The Return
- Author: Dulce Maria Cardoso
- Translator: Angel Gurria-Quintana
- Language: Portuguese
- Genre: historical fiction
- Set in: Luanda, Angola and Estoril, Portugal
- Published: March 2012
- Publisher: Tinta da China, Quercus Publishing
- Published in English: 13 July 2017
- Pages: 272
- Awards: 2016 PEN Translates award
- ISBN: 9780857054364

= The Return (Cardoso novel) =

Novel by Dulce Maria Cardoso

The Return is a historical fiction novel by the Portuguese writer, Dulce Maria Cardoso, which describes the experiences of Portuguese citizens in Portugal's colonies who were forced to return to Portugal as the colonies gained independence in 1974–75. The author was one of those, returning with her family at the age of eleven.
==Historical background==
Nationalist movements began to emerge in Angola, Guinea-Bissau, Mozambique and other Portuguese colonies at the beginning of the 1960s. The requirement for the Portuguese military to oppose these independence movements became a major grievance among many of the military and those who were conscripted, and was a major factor in the overthrow of the authoritarian Estado Novo government by the Carnation Revolution on 25 April, 1974. The new left-wing government promised independence for the colonies and, from May 1974, Portuguese citizens began to leave those territories and arrive in metropolitan Portugal as refugees, often destitute with few possessions. Figures vary, but it is suggested that up to 800,00 Portuguese returned. These became known as the retornados (returnees), a term that carried a pejorative connotation. It applied specifically to white Portuguese migrants, excluding the returning military and those of African origin. Many of these "returnees" had been born in one of the colonies and had never seen the motherland.

==The novel==
The novel is written from the perspective of a 15-year-old boy, Rui, initially in the Angolan capital of Luanda. It begins with his reminiscences of his life in Angola. He recalls his mother's mental illness; her rose garden; the half-packed suitcases waiting for the time to leave; the gunfire; and his father setting fire to the eleven trucks of his business so the Angolans couldn't use them. Squatters had taken over the houses of those Portuguese who had already left and shops had been abandoned by their owners who had fled the country. Rui's father was still not prepared to make the decision to leave, until soldiers arrived outside their home and Rui and his father felt they were lucky not to have been murdered. They made their way to the airport, but the father was arrested before they could all leave together.

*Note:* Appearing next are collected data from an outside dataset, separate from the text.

(* Let $n\ge 2$ and let $S$ be an admissible peak set in $S^B_n$. Then \[ \max\{d_\ell(\sigma,\rho) : \sigma,\rho\in P^B(S;n)\}=\begin{cases}2n-1, & \text{if } \{2,n-1\}\subseteq S,\\ 2n, & \text{otherwise.}\end{cases} \]
   Context: $S^B_n$ is the set of bijections $\sigma$ of $\{-n,\dots,-1,1,\dots,n\}$ with $\sigma(-i)=-\sigma(i)$ for all $i$; a signed permutation is written in one-line notation $\sigma(1)\cdots\sigma(n)$. A signed permutation $\sigma$ has a peak at index $i\in\{2,\dots,n-1\}$ if $\sigma(i-1)<\sigma(i)>\sigma(i+1)$ (usual order on integers). $Peak(\sigma)$ is the set of indices where $\sigma$ has a peak, and for $S\subseteq[n]$, $P^B(S;n)=\{\sigma\in S^B_n : Peak(\sigma)=S\}$. $S$ is an admissible peak set if $P^B(S;n)\neq\emptyset$ (equivalently, $S\subseteq\{2,\dots,n-1\}$ and $S$ contains no two consecutive integers). The $\ell_\infty$-metric is $d_\ell(\sigma,\rho)=\max\{|\sigma(i)-\rho(i)| : i\in[n]\}$. *)

theory Defs
  imports Main
begin

definition signed_set :: "nat \<Rightarrow> int set" where
  "signed_set n = {-int n..-1} \<union> {1..int n}"

text \<open>Signed permutations of S^B_n: bijections of {-n..-1,1..n} with sigma(-i) = -sigma(i);
  outside the ground set they are fixed (extensional convention, as for permutes).\<close>
definition signed_perms :: "nat \<Rightarrow> (int \<Rightarrow> int) set" where
  "signed_perms n = {\<sigma>. bij_betw \<sigma> (signed_set n) (signed_set n)
                         \<and> (\<forall>i\<in>signed_set n. \<sigma> (-i) = - \<sigma> i)
                         \<and> (\<forall>i. i \<notin> signed_set n \<longrightarrow> \<sigma> i = i)}"

definition Peak :: "nat \<Rightarrow> (int \<Rightarrow> int) \<Rightarrow> int set" where
  "Peak n \<sigma> = {i. 2 \<le> i \<and> i \<le> int n - 1 \<and> \<sigma> (i - 1) < \<sigma> i \<and> \<sigma> i > \<sigma> (i + 1)}"

definition PB :: "int set \<Rightarrow> nat \<Rightarrow> (int \<Rightarrow> int) set" where
  "PB S n = {\<sigma> \<in> signed_perms n. Peak n \<sigma> = S}"

definition admissible_peak_set :: "int set \<Rightarrow> nat \<Rightarrow> bool" where
  "admissible_peak_set S n \<longleftrightarrow> PB S n \<noteq> {}"

definition d_ell :: "nat \<Rightarrow> (int \<Rightarrow> int) \<Rightarrow> (int \<Rightarrow> int) \<Rightarrow> int" where
  "d_ell n \<sigma> \<rho> = Max {\<bar>\<sigma> i - \<rho> i\<bar> | i. i \<in> {1..int n}}"

end

theory Submission
  imports Defs
begin

text \<open>
  In a signed permutation the entry \<open>-n\<close> is never a peak, and the entry \<open>n\<close> is a peak unless
  it sits at position 1 or \<open>n\<close>; both ends are excluded when 2 and \<open>n - 1\<close> are peaks, since a
  peak there needs a neighbour larger than \<open>n\<close>. So if \<open>{2, n - 1} \<subseteq> S\<close>, two members of
  \<open>P\<^sup>B(S; n)\<close> never carry \<open>n\<close> and \<open>-n\<close> at the same position and their distance is at most
  \<open>2n - 1\<close>; the bound \<open>2n\<close> is trivial.

  The bounds are attained by signed permutations given through their one-line words. Putting
  \<open>n + 1 - j\<close> at the positions \<open>j \<in> T\<close> and \<open>j - n - 1\<close> elsewhere makes the peaks exactly the
  interior points of \<open>T\<close>, because the negative entries increase. If \<open>2 \<notin> S\<close>, the choices
  \<open>T = S\<close> and \<open>T = S \<union> {1}\<close> differ by \<open>2n\<close> at position 1; if \<open>n - 1 \<notin> S\<close>, the words
  \<open>j \<mapsto> \<plusminus>j\<close> (positive exactly on \<open>T\<close>) do the same at position \<open>n\<close>. If \<open>{2, n - 1} \<subseteq> S\<close>, the
  word for \<open>T = S\<close> with its first two entries replaced by \<open>n - 1, n\<close> still has peak set \<open>S\<close>,
  and differs from the one for \<open>T = S\<close> by \<open>2n - 1\<close> at position 1.
\<close>

lemma mem_signed_set_iff: "i \<in> signed_set n \<longleftrightarrow> i \<noteq> 0 \<and> \<bar>i\<bar> \<le> int n"
  by (auto simp: signed_set_def)

lemma abs_mem_signed_set: "i \<in> signed_set n \<Longrightarrow> \<bar>i\<bar> \<in> {1..int n}"
  by (auto simp: signed_set_def)

definition signed_extension :: "nat \<Rightarrow> (int \<Rightarrow> int) \<Rightarrow> int \<Rightarrow> int" where
  "signed_extension n f i = (if i \<in> signed_set n then sgn i * f \<bar>i\<bar> else i)"

definition signed_word :: "nat \<Rightarrow> (int \<Rightarrow> int) \<Rightarrow> bool" where
  "signed_word n f \<longleftrightarrow> f ` {1..int n} \<subseteq> signed_set n \<and> inj_on (\<lambda>j. \<bar>f j\<bar>) {1..int n}"

lemma signed_wordI:
  assumes "\<And>j. j \<in> {1..int n} \<Longrightarrow> \<bar>f j\<bar> = p j"
    and "p ` {1..int n} \<subseteq> {1..int n}" and "inj_on p {1..int n}"
  shows "signed_word n f"
  using assms inj_on_cong[of "{1..int n}" "\<lambda>j. \<bar>f j\<bar>" p]
  by (fastforce simp: signed_word_def mem_signed_set_iff)

lemma signed_extension_pos [simp]: "i \<in> {1..int n} \<Longrightarrow> signed_extension n f i = f i"
  by (simp add: signed_extension_def signed_set_def)

lemma signed_extension_in_signed_perms:
  assumes "signed_word n f"
  shows "signed_extension n f \<in> signed_perms n"
proof -
  let ?g = "signed_extension n f"
  have f_range: "f \<bar>x\<bar> \<in> signed_set n" if "x \<in> signed_set n" for x
    using assms abs_mem_signed_set[OF that] by (auto simp: signed_word_def)
  have abs_g: "\<bar>?g x\<bar> = \<bar>f \<bar>x\<bar>\<bar>" if "x \<in> signed_set n" for x
    using that by (simp add: signed_extension_def abs_mult abs_sgn_eq mem_signed_set_iff)
  have maps_to: "?g ` signed_set n \<subseteq> signed_set n"
    using abs_g f_range by (fastforce simp: mem_signed_set_iff)
  have "inj_on ?g (signed_set n)"
  proof (rule inj_onI)
    fix x y assume x: "x \<in> signed_set n" and y: "y \<in> signed_set n" and eq: "?g x = ?g y"
    then have "\<bar>f \<bar>x\<bar>\<bar> = \<bar>f \<bar>y\<bar>\<bar>"
      using abs_g by metis
    then have abs_eq: "\<bar>x\<bar> = \<bar>y\<bar>"
      using assms abs_mem_signed_set[OF x] abs_mem_signed_set[OF y]
      by (auto simp: signed_word_def dest: inj_onD)
    moreover have "f \<bar>x\<bar> \<noteq> 0"
      using f_range[OF x] by (simp add: mem_signed_set_iff)
    ultimately have "sgn x = sgn y"
      using eq x y by (simp add: signed_extension_def)
    with abs_eq show "x = y"
      by (metis sgn_mult_abs)
  qed
  then have "bij_betw ?g (signed_set n) (signed_set n)"
    using maps_to endo_inj_surj[of "signed_set n" ?g] by (simp add: bij_betw_def signed_set_def)
  moreover have "\<forall>i\<in>signed_set n. ?g (- i) = - ?g i"
    by (auto simp: signed_extension_def mem_signed_set_iff)
  ultimately show ?thesis
    by (simp add: signed_perms_def signed_extension_def)
qed

lemma Peak_signed_extension: "Peak n (signed_extension n f) = Peak n f"
  by (auto simp: Peak_def)

lemma d_ell_signed_extension:
  "d_ell n (signed_extension n f) (signed_extension n g) = d_ell n f g"
  unfolding d_ell_def by (metis (no_types, lifting) signed_extension_pos)

lemma signed_extension_in_PB:
  assumes "signed_word n f" and "Peak n f = S"
  shows "signed_extension n f \<in> PB S n"
  using assms by (simp add: PB_def signed_extension_in_signed_perms Peak_signed_extension)

definition no_consecutive :: "int set \<Rightarrow> bool" where
  "no_consecutive T \<longleftrightarrow> (\<forall>i\<in>T. i + 1 \<notin> T)"

lemma no_consecutive_insert:
  "no_consecutive (insert i T) \<longleftrightarrow> no_consecutive T \<and> i - 1 \<notin> T \<and> i + 1 \<notin> T"
  by (auto simp: no_consecutive_def)

lemma mem_Peak_cong:
  assumes "\<And>j. \<bar>j - i\<bar> \<le> 1 \<Longrightarrow> f j = g j"
  shows "i \<in> Peak n f \<longleftrightarrow> i \<in> Peak n g"
  using assms[of "i - 1"] assms[of i] assms[of "i + 1"] by (simp add: Peak_def)

definition high_on :: "nat \<Rightarrow> int set \<Rightarrow> int \<Rightarrow> int" where
  "high_on n T j = (if j \<in> T then int n + 1 - j else j - int n - 1)"

definition flip_off :: "int set \<Rightarrow> int \<Rightarrow> int" where
  "flip_off T j = (if j \<in> T then j else - j)"

definition high_start :: "nat \<Rightarrow> int set \<Rightarrow> int \<Rightarrow> int" where
  "high_start n S j = (if j = 1 then int n - 1 else if j = 2 then int n else high_on n S j)"

lemma signed_word_high_on: "signed_word n (high_on n T)"
  by (rule signed_wordI[where p = "\<lambda>j. int n + 1 - j"]) (auto simp: high_on_def inj_on_def)

lemma signed_word_flip_off: "signed_word n (flip_off T)"
  by (rule signed_wordI[where p = "\<lambda>j. j"]) (auto simp: flip_off_def)

lemma signed_word_high_start: "3 \<le> n \<Longrightarrow> signed_word n (high_start n S)"
  by (rule signed_wordI[where
        p = "\<lambda>j. if j = 1 then int n - 1 else if j = 2 then int n else int n + 1 - j"])
    (auto simp: high_start_def high_on_def inj_on_def)

lemma Peak_high_on: "no_consecutive T \<Longrightarrow> Peak n (high_on n T) = T \<inter> {2..int n - 1}"
  by (auto simp: Peak_def no_consecutive_def high_on_def split: if_splits)

lemma Peak_flip_off: "no_consecutive T \<Longrightarrow> Peak n (flip_off T) = T \<inter> {2..int n - 1}"
  by (auto simp: Peak_def no_consecutive_def flip_off_def split: if_splits)

lemma Peak_high_start:
  assumes "no_consecutive S" and "S \<subseteq> {2..int n - 1}" and "2 \<in> S"
  shows "Peak n (high_start n S) = S"
proof (intro set_eqI)
  fix i :: int
  have "3 \<notin> S"
    using assms(1,3) by (force simp: no_consecutive_def)
  consider "i \<le> 3" | "4 \<le> i" by linarith
  then show "i \<in> Peak n (high_start n S) \<longleftrightarrow> i \<in> S"
  proof cases
    case 1
    with \<open>3 \<notin> S\<close> assms(2,3) show ?thesis
      by (auto simp: Peak_def high_start_def high_on_def)
  next
    case 2
    then have "i \<in> Peak n (high_start n S) \<longleftrightarrow> i \<in> Peak n (high_on n S)"
      by (intro mem_Peak_cong) (auto simp: high_start_def)
    with assms(1,2) show ?thesis
      by (auto simp: Peak_high_on)
  qed
qed

lemma admissible_peak_set_iff:
  "admissible_peak_set S n \<longleftrightarrow> S \<subseteq> {2..int n - 1} \<and> no_consecutive S"
proof
  assume "admissible_peak_set S n"
  then obtain \<sigma> where "Peak n \<sigma> = S"
    by (auto simp: admissible_peak_set_def PB_def)
  then show "S \<subseteq> {2..int n - 1} \<and> no_consecutive S"
    by (auto simp: Peak_def no_consecutive_def)
next
  assume "S \<subseteq> {2..int n - 1} \<and> no_consecutive S"
  then have "signed_extension n (high_on n S) \<in> PB S n"
    by (intro signed_extension_in_PB signed_word_high_on) (auto simp: Peak_high_on)
  then show "admissible_peak_set S n"
    by (auto simp: admissible_peak_set_def)
qed

lemma signed_perm_bounds:
  assumes "\<sigma> \<in> signed_perms n" and "i \<in> {1..int n}"
  shows "- int n \<le> \<sigma> i" and "\<sigma> i \<le> int n"
proof -
  have "i \<in> signed_set n"
    using assms(2) by (simp add: signed_set_def)
  then have "\<sigma> i \<in> signed_set n"
    using assms(1) by (auto simp: signed_perms_def bij_betw_def)
  then show "- int n \<le> \<sigma> i" and "\<sigma> i \<le> int n"
    by (auto simp: mem_signed_set_iff)
qed

lemma signed_perm_inj_on: "\<sigma> \<in> signed_perms n \<Longrightarrow> inj_on \<sigma> {1..int n}"
  by (auto simp: signed_perms_def bij_betw_def signed_set_def intro: inj_on_subset)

In Portugal, Rui, his mother and sister are among the lucky ones, being accommodated in a 5-star hotel in Estoril, even though accommodation is cramped, the food is bad and they have to queue for ages to eat. Rui describes the role of the Instituto de Apoio ao Retorno de Nacionais (Institute for assistance to the return of nationals – IARN) as "more generous than God". But, as the families wait to discover what will become of them, it is a shock to discover that the retornados, are received with distrust and hostility: the local girls won't go near the boys in the hotel, and Rui can't understand why they are treated disrespectfully. Knowing that support from IARN will not last for long, Rui constantly worries about having to look after his mother and sister. He skips school and works on the night shift with a group of other retornados, looking after the packing cases of returnees at Lisbon's docks. No crates can be moved until the owners have somewhere to live. Eventually his father arrives, unwilling to talk about the torture he obviously suffered.

==Reviews==
Writing in the Expresso, Pedro Mexia considered that "Cardoso finds the right register in every scene, emotional and dry, sad and proud, full of guilt and uncertainty. It is this visibly lived story, without demagoguery or erasures, that makes The Return a long-awaited novel. Writing in The Guardian, Oliver Balch considered that the book had been written in poetic and prescient prose, with Cardoso drawing on her own experience to capture the plight of Portugal's retornados. Although there are several non-fiction books on the topic, Taylor considered that Cardoso's rendering of the lives of the returnees made one wish that she had written a sequel, charting their experiences after they left the hotel following withdrawal of IARN support in 1976. She felt that Cardoso brought home to many the reality of this difficult time in Portugal's history. Gould considers that the book provided a "narrative of decolonization 'from below' by focusing on the lives of ordinary, non-elite white men and women during a period of political and social unrest. Goldsmith wrote that the reader was "amazed by the book's perfect harmony of innovative style, profound substance and exquisite translation". Another review found the narrator, Rui, to be difficult to "empathise with, notwithstanding the struggles he has to face", but that didn't make the book less engaging.

== Awards ==
The Return won the Critics Special Prize at the LER/Booktailors Awards 2011, held in February 2012. The book was also a winner of the 2016 English PEN Translates award, for the translation by Angel Gurría-Quintana. It was Cardoso's first book to be translated into English.